(Exercise directions) Please determine how many lines of the material include the word "shows", and respond with nothing but that number.

(Given information)
lemma has_derivative_beval_pair:
  "(beval_pair p has_derivative
     (\<lambda>v. beval_pair (dZ p) x * fst v + beval_pair (dW p) x * snd v)) (at x)"
  unfolding beval_pair_def[abs_def]
proof (induction p)
  case 0
  then show ?case by (simp add: dZ_def dW_def)
next
  case (pCons a p)
  have "((\<lambda>y. poly a (snd y)) has_derivative (\<lambda>v. poly (pderiv a) (snd x) * snd v)) (at x)"
    using has_derivative_compose[OF has_derivative_snd[OF has_derivative_ident]
        poly_DERIV[of a "snd x", unfolded has_field_derivative_def]]
    by (simp add: o_def mult.commute)
  then have "((\<lambda>y. poly a (snd y) + fst y * beval p (fst y) (snd y)) has_derivative
     (\<lambda>v. poly (pderiv a) (snd x) * snd v + (fst x * (beval (dZ p) (fst x) (snd x) * fst v
        + beval (dW p) (fst x) (snd x) * snd v) + fst v * beval p (fst x) (snd x)))) (at x)"
    by (intro has_derivative_add has_derivative_mult has_derivative_fst[OF has_derivative_ident]
        pCons.IH)
  then show ?case
    by (simp add: beval_pCons dZ_def dW_def pderiv_pCons map_poly_pCons algebra_simps)
qed

lemma isCont_beval_pair [continuous_intros]: "isCont (beval_pair p) x"
  using has_derivative_beval_pair has_derivative_continuous by blast

lemma has_field_derivative_beval_w [derivative_intros]:
  "D = beval (dW p) z w \<Longrightarrow> ((\<lambda>v. beval p z v) has_field_derivative D) (at w within s)"
proof -
  have "((\<lambda>v. (z, v)) has_derivative (\<lambda>h. (0, h))) (at w within s)"
    by (auto intro!: derivative_eq_intros)
  from has_derivative_compose[OF this has_derivative_beval_pair]
  show "D = beval (dW p) z w \<Longrightarrow> ?thesis"
    by (simp add: has_field_derivative_def o_def mult_commute_abs)
qed

lemma dW_eqI:
  assumes "\<And>z w. ((\<lambda>v. beval p z v) has_field_derivative beval q z w) (at w)"
  shows "dW p = q"
  by (rule beval_eqI, rule DERIV_unique[OF has_field_derivative_beval_w assms]) simp

lemma dW_add [simp]: "dW (p + q) = dW p + dW q"
  and dW_diff [simp]: "dW (p - q) = dW p - dW q"
  and dW_uminus [simp]: "dW (- p) = - dW p"
  and dW_mult [simp]: "dW (p * q) = dW p * q + p * dW q"
  by (rule dW_eqI; auto intro!: derivative_eq_intros)+

lemma dW_1 [simp]: "dW 1 = 0"
  and dW_Cst [simp]: "dW (Cst k) = 0"
  and dW_Zv [simp]: "dW Zv = 0"
  and dW_Wv [simp]: "dW Wv = 1"
  by (rule dW_eqI; auto intro!: derivative_eq_intros)+

lemma dZ_add [simp]: "dZ (p + q) = dZ p + dZ q"
  and dZ_diff [simp]: "dZ (p - q) = dZ p - dZ q"
  and dZ_uminus [simp]: "dZ (- p) = - dZ p"
  and dZ_mult [simp]: "dZ (p * q) = dZ p * q + p * dZ q"
  and dZ_1 [simp]: "dZ 1 = 0"
  and dZ_Cst [simp]: "dZ (Cst k) = 0"
  and dZ_Zv [simp]: "dZ Zv = 1"
  and dZ_Wv [simp]: "dZ Wv = 0"
  by (simp_all add: dZ_def pderiv_add pderiv_diff pderiv_minus pderiv_mult Cst_def Zv_def Wv_def
      pderiv_pCons)

definition lie_deriv :: "bipoly \<Rightarrow> bipoly \<Rightarrow> bipoly \<Rightarrow> bipoly" where
  "lie_deriv F G f = dZ f * F + dW f * G"

lemma lie_deriv_mult: "lie_deriv F G (f * g) = lie_deriv F G f * g + f * lie_deriv F G g"
  by (simp add: lie_deriv_def algebra_simps)

lemma darboux_factorI: "lie_deriv F G f = K * f \<Longrightarrow> darboux_factor F G f"
  unfolding darboux_factor_def lie_deriv_def by blast

lemma lie_deriv_l1:
  "lie_deriv (sysF c) (sysG c) (l1 c) = (1 + Cst (3*c/2) * Zv - Cst (c/2) * Wv) * l1 c"
  by (rule beval_eqI)
    (simp add: lie_deriv_def sysF_def sysG_def l1_def power2_eq_square field_simps; algebra)

lemma lie_deriv_l2:
  "lie_deriv (sysF c) (sysG c) (l2 c) = (- 1 + Cst (3*c/2) * Zv - Cst (c/2) * Wv) * l2 c"
  by (rule beval_eqI)
    (simp add: lie_deriv_def sysF_def sysG_def l2_def power2_eq_square field_simps; algebra)

lemma lie_deriv_l3:
  "lie_deriv (sysF c) (sysG c) (l3 c) = (Cst (3*c) * Zv - Cst c * Wv) * l3 c"
  by (rule beval_eqI)
    (simp add: lie_deriv_def sysF_def sysG_def l3_def power2_eq_square field_simps; algebra)

lemma lie_deriv_l4:
  "lie_deriv (sysF c) (sysG c) (l4 c) = (Cst (3*c/2) * Zv - Cst (c/2) * Wv) * l4 c"
  by (rule beval_eqI)
    (simp add: lie_deriv_def sysF_def sysG_def l4_def power2_eq_square field_simps; algebra)

lemma lie_deriv_l1_l3:
  "lie_deriv (sysF c) (sysG c) (l1 c * l3 c)
     = (1 + Cst (9*c/2) * Zv - Cst (3*c/2) * Wv) * (l1 c * l3 c)"
  by (rule beval_eqI) (simp add: lie_deriv_mult lie_deriv_l1 lie_deriv_l3 algebra_simps)

lemma lie_deriv_l2_l3:
  "lie_deriv (sysF c) (sysG c) (l2 c * l3 c)
     = (- 1 + Cst (9*c/2) * Zv - Cst (3*c/2) * Wv) * (l2 c * l3 c)"
  by (rule beval_eqI) (simp add: lie_deriv_mult lie_deriv_l2 lie_deriv_l3 algebra_simps)

definition quot_partial ::
    "(bipoly \<Rightarrow> bipoly) \<Rightarrow> bipoly \<Rightarrow> bipoly \<Rightarrow> nat \<Rightarrow> complex \<times> complex \<Rightarrow> complex"
  where "quot_partial D n h k x =
    (beval_pair (D n) x * beval_pair h x - of_nat k * beval_pair n x * beval_pair (D h) x)
      / beval_pair h x ^ Suc k"

lemma has_derivative_quotient:
  assumes "beval_pair h x \<noteq> 0"
  shows "((\<lambda>y. beval_pair n y / beval_pair h y ^ k) has_derivative
           (\<lambda>v. quot_partial dZ n h k x * fst v + quot_partial dW n h k x * snd v)) (at x)"
proof (rule has_derivative_eq_rhs[OF has_derivative_divide'[OF has_derivative_beval_pair
      has_derivative_power[OF has_derivative_beval_pair]]])
  show "beval_pair h x ^ k \<noteq> 0"
    using assms by simp
  show "(\<lambda>v. ((beval_pair (dZ n) x * fst v + beval_pair (dW n) x * snd v) * beval_pair h x ^ k
          - beval_pair n x * (of_nat k * (beval_pair (dZ h) x * fst v + beval_pair (dW h) x * snd v)
            * beval_pair h x ^ (k - 1))) / (beval_pair h x ^ k * beval_pair h x ^ k))
      = (\<lambda>v. quot_partial dZ n h k x * fst v + quot_partial dW n h k x * snd v)"
    using assms by (cases k) (auto simp: fun_eq_iff quot_partial_def field_simps)
qed

lemma isCont_quot_partial [continuous_intros]:
  "beval_pair h x \<noteq> 0 \<Longrightarrow> isCont (quot_partial D n h k) x"
  unfolding quot_partial_def[abs_def] by (intro continuous_intros) auto

lemma has_field_derivative_quotient_z:
  assumes "beval h z w \<noteq> 0"
  shows "((\<lambda>u. beval n u w / beval h u w ^ k) has_field_derivative quot_partial dZ n h k (z, w)) (at z)"
proof -
  have "((\<lambda>u. (u, w)) has_derivative (\<lambda>t. (t, 0))) (at z)"
    by (auto intro!: derivative_eq_intros)
  from has_derivative_compose[OF this has_derivative_quotient[of h "(z, w)" n k]] assms
  show ?thesis by (simp add: has_field_derivative_def o_def mult_commute_abs)
qed

lemma has_field_derivative_quotient_w:
  assumes "beval h z w \<noteq> 0"
  shows "((\<lambda>v. beval n z v / beval h z v ^ k) has_field_derivative quot_partial dW n h k (z, w)) (at w)"
proof -
  have "((\<lambda>v. (z, v)) has_derivative (\<lambda>t. (0, t))) (at w)"
    by (auto intro!: derivative_eq_intros)
  from has_derivative_compose[OF this has_derivative_quotient[of h "(z, w)" n k]] assms
  show ?thesis by (simp add: has_field_derivative_def o_def mult_commute_abs)
qed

(Output) 4